Our method utilizes mixup as a spatio-temporal intervention augmentation strategy, encompassing both temporal and spatial augmentations. To assess our algorithm's sensitivity to interventions, we have conducted ablation studies for both temporal and spatial (see response to zp2y). Furthermore, we have performed ablations on data augmentation methods, comparing generic spatio-temporal sequence enhancements with Nuwa's causality-based regional enhancements. This comparison serves to underscore the rationale behind our algorithm.

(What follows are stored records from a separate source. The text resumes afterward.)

lemma TWO_can_cover_UN:
  assumes "\<And>i::nat. TWO_can_cover X (A i)" shows "TWO_can_cover X (\<Union>i. A i)"
proof -
  obtain s where s: "\<And>i. TWO_strategy_G1_OO X (s i)"
    "\<And>i \<O>. (\<forall>n. open_cover X (\<O> n)) \<Longrightarrow> A i \<subseteq> (\<Union>k. s i (map \<O> [0..<Suc k]))"
    using assms unfolding TWO_can_cover_def by metis
  \<comment> \<open>Inning \<open>prod_encode (i, k)\<close> is the \<open>k\<close>-th inning of a play against \<open>s i\<close>.\<close>
  define sub where "sub os i k = map (\<lambda>j. os ! prod_encode (i, j)) [0..<Suc k]"
    for os :: "'a set set list" and i k
  define \<sigma> where "\<sigma> os = (case prod_decode (length os - 1) of (i, k) \<Rightarrow> s i (sub os i k))" for os
  have "TWO_strategy_G1_OO X \<sigma>" unfolding TWO_strategy_G1_OO_def
  proof (intro allI impI)
    fix os :: "'a set set list" assume os: "os \<noteq> [] \<and> (\<forall>C\<in>set os. open_cover X C)"
    obtain i k where ik: "prod_decode (length os - 1) = (i, k)" by fastforce
    then have last: "prod_encode (i, k) = length os - 1" by (metis prod_decode_inverse)
    have "prod_encode (i, j) < length os" if "j \<le> k" for j
      using prod_encode_mono2[OF that, of i] last os by (cases os) auto
    then have "\<forall>C\<in>set (sub os i k). open_cover X C" using os by (auto simp: sub_def)
    then have "s i (sub os i k) \<in> last (sub os i k)"
      using s(1) unfolding TWO_strategy_G1_OO_def by (simp add: sub_def del: upt_Suc)
    moreover have "last (sub os i k) = last os" using last os by (simp add: sub_def last_conv_nth)
    ultimately show "\<sigma> os \<in> last os" unfolding \<sigma>_def ik by simp
  qed
  moreover have "(\<Union>i. A i) \<subseteq> (\<Union>n. \<sigma> (map \<O> [0..<Suc n]))" if \<O>: "\<forall>n. open_cover X (\<O> n)" for \<O>
  proof
    fix x assume "x \<in> (\<Union>i. A i)"
    then obtain i where "x \<in> A i" by blast
    then obtain k where k: "x \<in> s i (map (\<lambda>j. \<O> (prod_encode (i, j))) [0..<Suc k])"
      using s(2)[of "\<lambda>j. \<O> (prod_encode (i, j))" i] \<O> by blast
    have "sub (map \<O> [0..<Suc (prod_encode (i, k))]) i k = map (\<lambda>j. \<O> (prod_encode (i, j))) [0..<Suc k]"
      using prod_encode_mono2[of _ k i] by (simp add: sub_def less_Suc_eq_le del: upt_Suc)
    then have "\<sigma> (map \<O> [0..<Suc (prod_encode (i, k))]) = s i (map (\<lambda>j. \<O> (prod_encode (i, j))) [0..<Suc k])"
      by (simp add: \<sigma>_def del: upt_Suc)
    with k show "x \<in> (\<Union>n. \<sigma> (map \<O> [0..<Suc n]))" by blast
  qed
  ultimately show ?thesis unfolding TWO_can_cover_def by blast
qed

lemma TWO_can_cover_Union:
  assumes "topspace X \<noteq> {}" "countable \<F>" "\<And>A. A \<in> \<F> \<Longrightarrow> TWO_can_cover X A"
  shows "TWO_can_cover X (\<Union>\<F>)"
proof (cases "\<F> = {}")
  case True
  then show ?thesis using TWO_can_cover_empty[OF assms(1)] by simp
next
  case False
  then have "\<Union>\<F> = (\<Union>i. from_nat_into \<F> i)" using assms(2) by simp
  then show ?thesis using TWO_can_cover_UN assms(3) False from_nat_into by metis
qed

lemma TWO_can_cover_if_cover_outside_nbhds:
  assumes x: "x \<in> topspace X"
    and outside: "\<And>U. openin X U \<Longrightarrow> x \<in> U \<Longrightarrow> TWO_can_cover X (A - U)"
  shows "TWO_can_cover X A"
proof -
  obtain pick where pick: "\<And>Q. open_cover X Q \<Longrightarrow> pick Q \<in> Q \<and> x \<in> pick Q"
    using x unfolding open_cover_def by (metis UnionE)
  obtain \<tau> where \<tau>: "\<And>U. openin X U \<Longrightarrow> x \<in> U \<Longrightarrow> TWO_strategy_G1_OO X (\<tau> U) \<and>
      (\<forall>\<O>. (\<forall>n. open_cover X (\<O> n)) \<longrightarrow> A - U \<subseteq> (\<Union>n. \<tau> U (map \<O> [0..<Suc n])))"
    using outside unfolding TWO_can_cover_def by metis
  \<comment> \<open>The first move contains \<open>x\<close>; afterwards TWO plays a strategy covering \<open>A - U\<close>.\<close>
  define \<sigma> where "\<sigma> os = (if tl os = [] then pick (hd os) else \<tau> (pick (hd os)) (tl os))" for os
  have pick_open: "openin X (pick Q)" if "open_cover X Q" for Q
    using pick[OF that] that unfolding open_cover_def by blast
  have "TWO_strategy_G1_OO X \<sigma>" unfolding TWO_strategy_G1_OO_def
  proof (intro allI impI)
    fix os :: "'a set set list" assume os: "os \<noteq> [] \<and> (\<forall>C\<in>set os. open_cover X C)"
    then obtain Q rest where os_eq: "os = Q # rest" and Q: "open_cover X Q" by (cases os) auto
    show "\<sigma> os \<in> last os"
    proof (cases "rest = []")
      case True
      then show ?thesis using pick[OF Q] by (simp add: \<sigma>_def os_eq)
    next
      case False
      then have "\<tau> (pick Q) rest \<in> last rest"
        using \<tau>[OF pick_open[OF Q]] pick[OF Q] os unfolding os_eq TWO_strategy_G1_OO_def by auto
      then show ?thesis using False by (simp add: \<sigma>_def os_eq)
    qed
  qed
  moreover have "A \<subseteq> (\<Union>n. \<sigma> (map \<O> [0..<Suc n]))" if \<O>: "\<forall>n. open_cover X (\<O> n)" for \<O>
  proof
    fix y assume y: "y \<in> A"
    let ?U = "pick (\<O> 0)"
    show "y \<in> (\<Union>n. \<sigma> (map \<O> [0..<Suc n]))"
    proof (cases "y \<in> ?U")
      case True
      then have "y \<in> \<sigma> (map \<O> [0..<Suc 0])" by (simp add: \<sigma>_def)
      then show ?thesis by blast
    next
      case False
      have O0: "open_cover X (\<O> 0)" using \<O> by blast
      have "A - ?U \<subseteq> (\<Union>n. \<tau> ?U (map (\<lambda>n. \<O> (Suc n)) [0..<Suc n]))"
        using \<tau>[OF pick_open[OF O0]] pick[OF O0] \<O> by (auto dest!: spec[of _ "\<lambda>n. \<O> (Suc n)"])
      then obtain n where "y \<in> \<tau> ?U (map (\<lambda>n. \<O> (Suc n)) [0..<Suc n])"
        using False y by blast
      then have "y \<in> \<sigma> (map \<O> [0..<Suc (Suc n)])"
        unfolding map_upt_Suc[of _ "Suc n"] by (simp add: \<sigma>_def del: upt_Suc)
      then show ?thesis by blast
    qed
  qed
  ultimately show ?thesis unfolding TWO_can_cover_def by blast
qed

lemma TWO_can_cover_compactin_if_locally:
  assumes "topspace X \<noteq> {}" and C: "compactin X C"
    and local: "\<And>x. x \<in> C \<Longrightarrow> \<exists>W. openin X W \<and> x \<in> W \<and> TWO_can_cover X (C \<inter> W)"
  shows "TWO_can_cover X C"
proof -
  have "C \<subseteq> \<Union>{W. openin X W \<and> TWO_can_cover X (C \<inter> W)}" using local by blast
  then obtain \<F> where \<F>: "finite \<F>" "\<F> \<subseteq> {W. openin X W \<and> TWO_can_cover X (C \<inter> W)}" "C \<subseteq> \<Union>\<F>"
    using C unfolding compactin_def by (metis (no_types, lifting) mem_Collect_eq)
  have "TWO_can_cover X (\<Union>W\<in>\<F>. C \<inter> W)"
    using \<F> by (intro TWO_can_cover_Union assms(1) countable_image countable_finite) auto
  then show ?thesis by (rule TWO_can_cover_subset) (use \<F> in blast)
qed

B1 is ori+flip, B2 is ori+rotate, B3 is ori+VQ-VAE (which can be regarded as currently popular generative CV model). From the table, we can see that traditional data augmentation methods result in performance that is even worse than the original backbone. However, using VQ-VAE for data augmentation indeed improves the performance, but not as effectively as our proposed causality-based augmentation.

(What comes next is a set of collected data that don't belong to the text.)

lemma myc_det_num_lower_bound:
  assumes sg: "sgraph V E" and t: "1 \<le> t" and iso: "isolated V E v0" and T: "min_twin_cover V E T"
  shows "(t + 1) * card T + t - 1 \<le> det_num (mycV t V) (mycE t V E)"
proof (rule det_num_greatest)
  have fin: "finite V" using sgraph_finite[OF sg] .
  show "finite (mycV t V)" using mycV_finite[OF fin] .
  fix S assume S: "determining_set (mycV t V) (mycE t V E) S"
  have "card V * (t + 1) + 1 \<le> card S + card (myc_label t V E ` mycV t V)"
    using determining_set_card_ge[OF mycV_finite[OF fin] S myc_label_twins[OF sg t]]
    by (simp add: card_mycV[OF fin])
  moreover have "card V = card T + card (quotV V E)" using min_twin_cover_card[OF fin T] by simp
  ultimately show "(t + 1) * card T + t - 1 \<le> card S"
    using card_myc_label_image[OF fin iso t] by (simp add: algebra_simps)
qed

section \<open>Automorphisms of the generalized Mycielskian\<close>

text \<open>The root is the only vertex adjacent to a vertex of degree one.\<close>
lemma myc_automorphism_fixes_root:
  assumes sg: "sgraph V E" and t: "1 \<le> t" and iso: "isolated V E v0"
    and ab: "a \<in> V" "b \<in> V" "a \<noteq> b"
    and f: "automorphism (mycV t V) (mycE t V E) f"
  shows "f None = None"
proof -
  let ?N = "nbhd (mycV t V) (mycE t V E)"
  have v0: "v0 \<in> V" "nbhd V E v0 = {}" using iso unfolding isolated_def by auto
  have x0: "Some (v0, t) \<in> mycV t V" using v0 by simp
  have "?N (f (Some (v0, t))) = {f None}"
    using automorphism_nbhd[OF f x0] myc_nbhd_isolated[OF sg v0] by simp
  moreover have "f (Some (v0, t)) \<in> mycV t V" using bij_betwE[OF automorphism_bij[OF f]] x0 by blast
  ultimately obtain u s where "f (Some (v0, t)) = Some (u, s)" "u \<in> V" "nbhd V E u = {}"
    using myc_nbhd_subset_singleton[OF sg t ab] by (metis order_refl)
  then have "?N (f (Some (v0, t))) \<subseteq> {None}" using myc_nbhd_isolated[OF sg] by simp
  with \<open>?N (f (Some (v0, t))) = {f None}\<close> show ?thesis by simp
qed

definition myc_layer :: "nat \<Rightarrow> 'a set \<Rightarrow> 'a set set \<Rightarrow> nat \<Rightarrow> ('a \<times> nat) option set" where
  "myc_layer t V E s = {Some (u, s) | u. u \<in> V \<and> nbhd V E u \<noteq> {} \<and> s \<le> t}"

lemma myc_layer_subset: "myc_layer t V E s \<subseteq> mycV t V"
  unfolding myc_layer_def by auto

lemma myc_layer_top:
  assumes "sgraph V E" "1 \<le> t"
  shows "myc_layer t V E t = {x \<in> nbhd (mycV t V) (mycE t V E) None.
                                  nbhd (mycV t V) (mycE t V E) x \<noteq> {None}}"
proof (rule set_eqI)
  fix x
  let ?N = "nbhd (mycV t V) (mycE t V E)"
  have top: "?N (Some (u, t)) \<noteq> {None} \<longleftrightarrow> nbhd V E u \<noteq> {}" if u: "u \<in> V" for u
  proof
    assume "nbhd V E u \<noteq> {}"
    then obtain y y' where "y \<noteq> y'" "y \<in> ?N (Some (u, t))" "y' \<in> ?N (Some (u, t))"
      using myc_nbhd_nonisolated[OF u _ order_refl assms(2)] by metis
    then show "?N (Some (u, t)) \<noteq> {None}" by (metis singletonD)
  next
    assume "?N (Some (u, t)) \<noteq> {None}"
    then show "nbhd V E u \<noteq> {}" using myc_nbhd_isolated[OF assms(1) u, where s=t and t=t] by auto
  qed
  show "x \<in> myc_layer t V E t \<longleftrightarrow> x \<in> {x \<in> ?N None. ?N x \<noteq> {None}}"
  proof (cases "x \<in> ?N None")
    case True
    then obtain u where "x = Some (u, t)" "u \<in> V" unfolding myc_nbhd_root by blast
    then show ?thesis using top[of u] True unfolding myc_layer_def by simp
  next
    case False
    then show ?thesis unfolding myc_layer_def myc_nbhd_root by blast
  qed
qed

lemma myc_layer_below:
  assumes sg: "sgraph V E" and "s < t"
  shows "myc_layer t V E s = (\<Union>y\<in>myc_layer t V E (Suc s). nbhd (mycV t V) (mycE t V E) y)
                             - myc_layer t V E (Suc (Suc s)) - {None}"
    (is "?L = ?U - ?L2 - {None}")
proof
  show "?L \<subseteq> ?U - ?L2 - {None}"
  proof
    fix x assume "x \<in> ?L"
    then obtain u where x: "x = Some (u, s)" "u \<in> V" "nbhd V E u \<noteq> {}"
      unfolding myc_layer_def using assms(2) by auto
    then obtain a where a: "a \<in> V" "{a, u} \<in> E" unfolding nbhd_def by auto
    have "u \<in> nbhd V E a" using a x(2) by (simp add: mem_nbhd_iff insert_commute)
    then have "Some (a, Suc s) \<in> myc_layer t V E (Suc s)"
      using a assms(2) unfolding myc_layer_def by auto
    moreover have "{u, a} \<in> E" using a(2) by (simp add: insert_commute)
    then have "x \<in> nbhd (mycV t V) (mycE t V E) (Some (a, Suc s))"
      using x a assms(2) by (simp add: nbhd_myc)
    ultimately show "x \<in> ?U - ?L2 - {None}" using x unfolding myc_layer_def by auto
  qed
  show "?U - ?L2 - {None} \<subseteq> ?L"
  proof
    fix x assume "x \<in> ?U - ?L2 - {None}"
    then obtain a where a: "a \<in> V" "nbhd V E a \<noteq> {}" "Suc s \<le> t"
      and x: "x \<in> nbhd (mycV t V) (mycE t V E) (Some (a, Suc s))" "x \<notin> ?L2" "x \<noteq> None"
      unfolding myc_layer_def by auto
    then obtain b r where b: "x = Some (b, r)" by (cases x) auto
    then have e: "{b, a} \<in> E" and r: "s = r \<or> r = Suc (Suc s) \<and> Suc s < t"
      using x(1) by (auto simp: nbhd_myc)
    have "b \<in> V" using sgraph_edgeD[OF sg e] .
    moreover have "a \<in> nbhd V E b" using a(1) e by (simp add: mem_nbhd_iff insert_commute)
    ultimately have "Some (b, r') \<in> myc_layer t V E r'" if "r' \<le> t" for r'
      using that unfolding myc_layer_def by blast
    then show "x \<in> ?L" using r x(2) b assms(2) by auto
  qed
qed

lemma myc_automorphism_top_layer:
  assumes sg: "sgraph V E" and t: "1 \<le> t" and f: "automorphism (mycV t V) (mycE t V E) f"
    and root: "f None = None"
  shows "f ` myc_layer t V E t = myc_layer t V E t"
proof -
  let ?M = "mycV t V" and ?N = "nbhd (mycV t V) (mycE t V E)"
  have inj: "inj_on f ?M" using automorphism_bij[OF f] by (rule bij_betw_imp_inj_on)
  have NM: "?N x \<subseteq> ?M" for x unfolding nbhd_def by auto
  have N_root: "f ` ?N None = ?N None" using automorphism_nbhd[OF f None_in_mycV] root by simp
  have P: "?N (f x) \<noteq> {None} \<longleftrightarrow> ?N x \<noteq> {None}" if "x \<in> ?M" for x
  proof -
    have "?N (f x) = f ` ?N x" using automorphism_nbhd[OF f that] .
    moreover have "f ` ?N x = f ` {None} \<longleftrightarrow> ?N x = {None}"
      using inj_on_image_eq_iff[OF inj NM, of "{None}"] by simp
    ultimately show ?thesis using root by simp
  qed
  have "f ` {x \<in> ?N None. ?N x \<noteq> {None}} = {x \<in> ?N None. ?N x \<noteq> {None}}"
  proof
    show "f ` {x \<in> ?N None. ?N x \<noteq> {None}} \<subseteq> {x \<in> ?N None. ?N x \<noteq> {None}}"
      using N_root P NM by blast
    show "{x \<in> ?N None. ?N x \<noteq> {None}} \<subseteq> f ` {x \<in> ?N None. ?N x \<noteq> {None}}"
    proof
      fix y assume y: "y \<in> {x \<in> ?N None. ?N x \<noteq> {None}}"
      then obtain x where "x \<in> ?N None" "y = f x" using N_root by blast
      then show "y \<in> f ` {x \<in> ?N None. ?N x \<noteq> {None}}" using y P NM by blast
    qed
  qed
  then show ?thesis using myc_layer_top[OF sg t] by simp
qed

lemma myc_automorphism_layer_below:
  assumes sg: "sgraph V E" and "s < t" and f: "automorphism (mycV t V) (mycE t V E) f"
    and root: "f None = None"
    and IH: "f ` myc_layer t V E (Suc s) = myc_layer t V E (Suc s)"
      "f ` myc_layer t V E (Suc (Suc s)) = myc_layer t V E (Suc (Suc s))"
  shows "f ` myc_layer t V E s = myc_layer t V E s"
proof -
  let ?N = "nbhd (mycV t V) (mycE t V E)"
  let ?U = "\<Union> (?N ` myc_layer t V E (Suc s))" and ?L2 = "myc_layer t V E (Suc (Suc s))"
  have inj: "inj_on f (mycV t V)" using automorphism_bij[OF f] by (rule bij_betw_imp_inj_on)
  have U: "?U \<subseteq> mycV t V" unfolding nbhd_def by blast
  have "f ` (?U - ?L2 - {None}) = f ` (?U - ?L2) - f ` {None}"
    by (rule inj_on_image_set_diff[OF inj]) (use U in auto)
  moreover have "f ` (?U - ?L2) = f ` ?U - f ` ?L2"
    by (rule inj_on_image_set_diff[OF inj]) (use U myc_layer_subset[of t V E "Suc (Suc s)"] in auto)
  ultimately have "f ` myc_layer t V E s = f ` ?U - f ` ?L2 - f ` {None}"
    unfolding myc_layer_below[OF sg assms(2)] by simp
  also have "f ` ?U = (\<Union>x\<in>f ` myc_layer t V E (Suc s). ?N x)"
    by (rule automorphism_UN_nbhd[OF f myc_layer_subset])
  also have "\<dots> = ?U" unfolding IH(1) ..
  also have "?U - f ` ?L2 - f ` {None} = myc_layer t V E s"
    unfolding myc_layer_below[OF sg assms(2)] IH(2) using root by simp
  finally show ?thesis .
qed

lemma myc_automorphism_layer:
  assumes "sgraph V E" "1 \<le> t" "automorphism (mycV t V) (mycE t V E) f" "f None = None"
  shows "f ` myc_layer t V E s = myc_layer t V E s"
proof (induction "t - s" arbitrary: s rule: less_induct)
  case less
  consider "t < s" | "s = t" | "s < t" by linarith
  then show ?case
  proof cases
    case 1
    then show ?thesis unfolding myc_layer_def by auto
  next
    case 2
    then show ?thesis using myc_automorphism_top_layer[OF assms] by simp
  next
    case 3
    then show ?thesis using myc_automorphism_layer_below[OF assms(1) 3 assms(3,4)] less by simp
  qed
qed

lemma myc_automorphism_keeps_layer:
  assumes "sgraph V E" "1 \<le> t" "automorphism (mycV t V) (mycE t V E) f" "f None = None"
    and "u \<in> V" "nbhd V E u \<noteq> {}" "s \<le> t"
  obtains u' where "f (Some (u, s)) = Some (u', s)" "u' \<in> V" "nbhd V E u' \<noteq> {}"
proof -
  have "Some (u, s) \<in> myc_layer t V E s" using assms(5-7) unfolding myc_layer_def by blast
  then have "f (Some (u, s)) \<in> myc_layer t V E s" using myc_automorphism_layer[OF assms(1-4)] by blast
  then show ?thesis using that unfolding myc_layer_def by blast
qed

lemma myc_automorphism_isolated:
  assumes sg: "sgraph V E" and t: "1 \<le> t" and ab: "a \<in> V" "b \<in> V" "a \<noteq> b"
    and f: "automorphism (mycV t V) (mycE t V E) f" and root: "f None = None"
    and v: "v \<in> V" "nbhd V E v = {}" "s \<le> t"
  obtains u r where "f (Some (v, s)) = Some (u, r)" "u \<in> V" "nbhd V E u = {}" "r \<le> t"
    "r = t \<longleftrightarrow> s = t"
proof -
  let ?N = "nbhd (mycV t V) (mycE t V E)"
  have x: "Some (v, s) \<in> mycV t V" using v by simp
  have N: "?N (f (Some (v, s))) = (if s = t then {None} else {})"
    using automorphism_nbhd[OF f x] myc_nbhd_isolated[OF sg v(1,2)] root by simp
  then have "?N (f (Some (v, s))) \<subseteq> {None}" by simp
  moreover have "f (Some (v, s)) \<in> mycV t V" using bij_betwE[OF automorphism_bij[OF f]] x by blast
  ultimately obtain u r where u: "f (Some (v, s)) = Some (u, r)" "u \<in> V" "nbhd V E u = {}" "r \<le> t"
    using myc_nbhd_subset_singleton[OF sg t ab] by metis
  have "(if r = t then {None} else {}) = (if s = t then {None} else ({} :: ('a \<times> nat) option set))"
    using N myc_nbhd_isolated[OF sg u(2,3), where s=r and t=t] unfolding u(1) by simp
  then have "r = t \<longleftrightarrow> s = t" by (cases "r = t"; cases "s = t") simp_all
  with u that show ?thesis by blast
qed

lemma myc_automorphism_base:
  assumes "sgraph V E" and f: "automorphism (mycV t V) (mycE t V E) f"
    and g: "\<And>v. v \<in> V \<Longrightarrow> f (Some (v, 0)) = Some (g v, 0)"
  shows "automorphism V E g"
proof -
  have bij: "bij_betw f (mycV t V) (mycV t V)" using automorphism_bij[OF f] .
  have gV: "g ` V \<subseteq> V"
  proof
    fix w assume "w \<in> g ` V"
    then obtain v where "v \<in> V" "w = g v" by blast
    then have "Some (w, 0) \<in> mycV t V" using bij_betwE[OF bij] g by (metis Some_in_mycV le0)
    then show "w \<in> V" by simp
  qed
  have inj: "inj_on g V"
  proof (rule inj_onI)
    fix v w assume "v \<in> V" "w \<in> V" "g v = g w"
    then have "f (Some (v, 0)) = f (Some (w, 0))" using g by simp
    moreover have "Some (v, 0) \<in> mycV t V" "Some (w, 0) \<in> mycV t V" using \<open>v \<in> V\<close> \<open>w \<in> V\<close> by simp_all
    ultimately have "Some (v, 0) = Some (w, 0)" using inj_onD[OF bij_betw_imp_inj_on[OF bij]] by blast
    then show "v = w" by simp
  qed
  have "{g x, g y} \<in> E \<longleftrightarrow> {x, y} \<in> E" if "x \<in> V" "y \<in> V" for x y
    using myc_automorphism_adj[OF f, of "Some (x, 0)" "Some (y, 0)"] that g by simp
  then show ?thesis
    unfolding automorphism_def bij_betw_def
    using inj endo_inj_surj[OF sgraph_finite[OF assms(1)] gV inj] by blast
qed

lemma myc_automorphism_next_layer_twins:
  assumes f: "automorphism (mycV t V) (mycE t V E) f" and "s < t"
    and fixed: "\<And>a. a \<in> V \<Longrightarrow> f (Some (a, s)) = Some (a, s)"
    and v: "v \<in> V" "v' \<in> V" "f (Some (v, Suc s)) = Some (v', Suc s)"
  shows "twins V E v v'"
proof -
  have "{a, v} \<in> E \<longleftrightarrow> {a, v'} \<in> E" if "a \<in> V" for a
    using myc_automorphism_adj[OF f, of "Some (a, s)" "Some (v, Suc s)"] that fixed[OF that] v assms(2)
    by simp
  then show ?thesis unfolding twins_def nbhd_def using v by auto
qed

section \<open>The upper bound\<close>

text \<open>R contains one vertex of each twin class, r0 \<in> R is isolated, and D is a determining set of
  the twin quotient.\<close>
definition myc_det_set ::
    "nat \<Rightarrow> 'a set \<Rightarrow> 'a set set \<Rightarrow> 'a set \<Rightarrow> 'a \<Rightarrow> 'a set set \<Rightarrow> ('a \<times> nat) option set" where
  "myc_det_set t V E R r0 D =
     Some ` ((V - R) \<times> {..t} \<union> {r0} \<times> {1..<t} \<union> {r \<in> R. twin_class V E r \<in> D} \<times> {0})"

| Model Combination | TaxiBJ+ B1 | TaxiBJ+ B2 | TaxiBJ+ B3 | KTH B1 | KTH B2 | KTH B3 | RainNet B1 | RainNet B2 | RainNet B3 | PD B1 | PD B2 | PD B3 |
|---|---|---|---|---|---|---|---|---|---|---|---|---|
| ViT+SimVP | 4.28 | 4.14 | 3.01 | 48.64 | 47.15 | 39.25 | 2.01 | 2.03 | 1.25 | 2.76 | 2.72 | 1.85 |
| SwinT+SimVP | 4.25 | 4.09 | 2.94 | 46.02 | 45.62 | 37.16 | 1.95 | 1.91 | 1.19 | 2.71 | 2.69 | 1.76 |
| ViT+PredRNN | 5.53 | 5.45 | 3.86 | 59.06 | 59.01 | 46.31 | 3.79 | 3.81 | 2.62 | 5.01 | 4.99 | 4.26 |
| SwinT+PredRNN | 5.49 | 5.41 | 3.72 | 58.45 | 58.62 | 44.57 | 3.71 | 3.69 | 2.54 | 4.96 | 4.91 | 4.19 |
We also conduct ablations from temporal augmentation and spatial augmentation two perspective to address your question more thoroughly:
In our analysis, we implement three distinct ablation methods. For the first strategy, A1, we mix up only the causal patches at the current time point, not considering historical patches. For the second strategy, A2, we do not account for the time decay of historical patches, instead giving equal weight to all historical data (assigning a weight of 1 to each time point). As for the third strategy, A3, we focus on the historical patches of the region itself without considering the spatial context and causal patches, adding them with decay. We organize these ablation strategies as A1, A2, and A3 respectively, and present the results (MAE) in a structured table format to facilitate a clear understanding of their impacts.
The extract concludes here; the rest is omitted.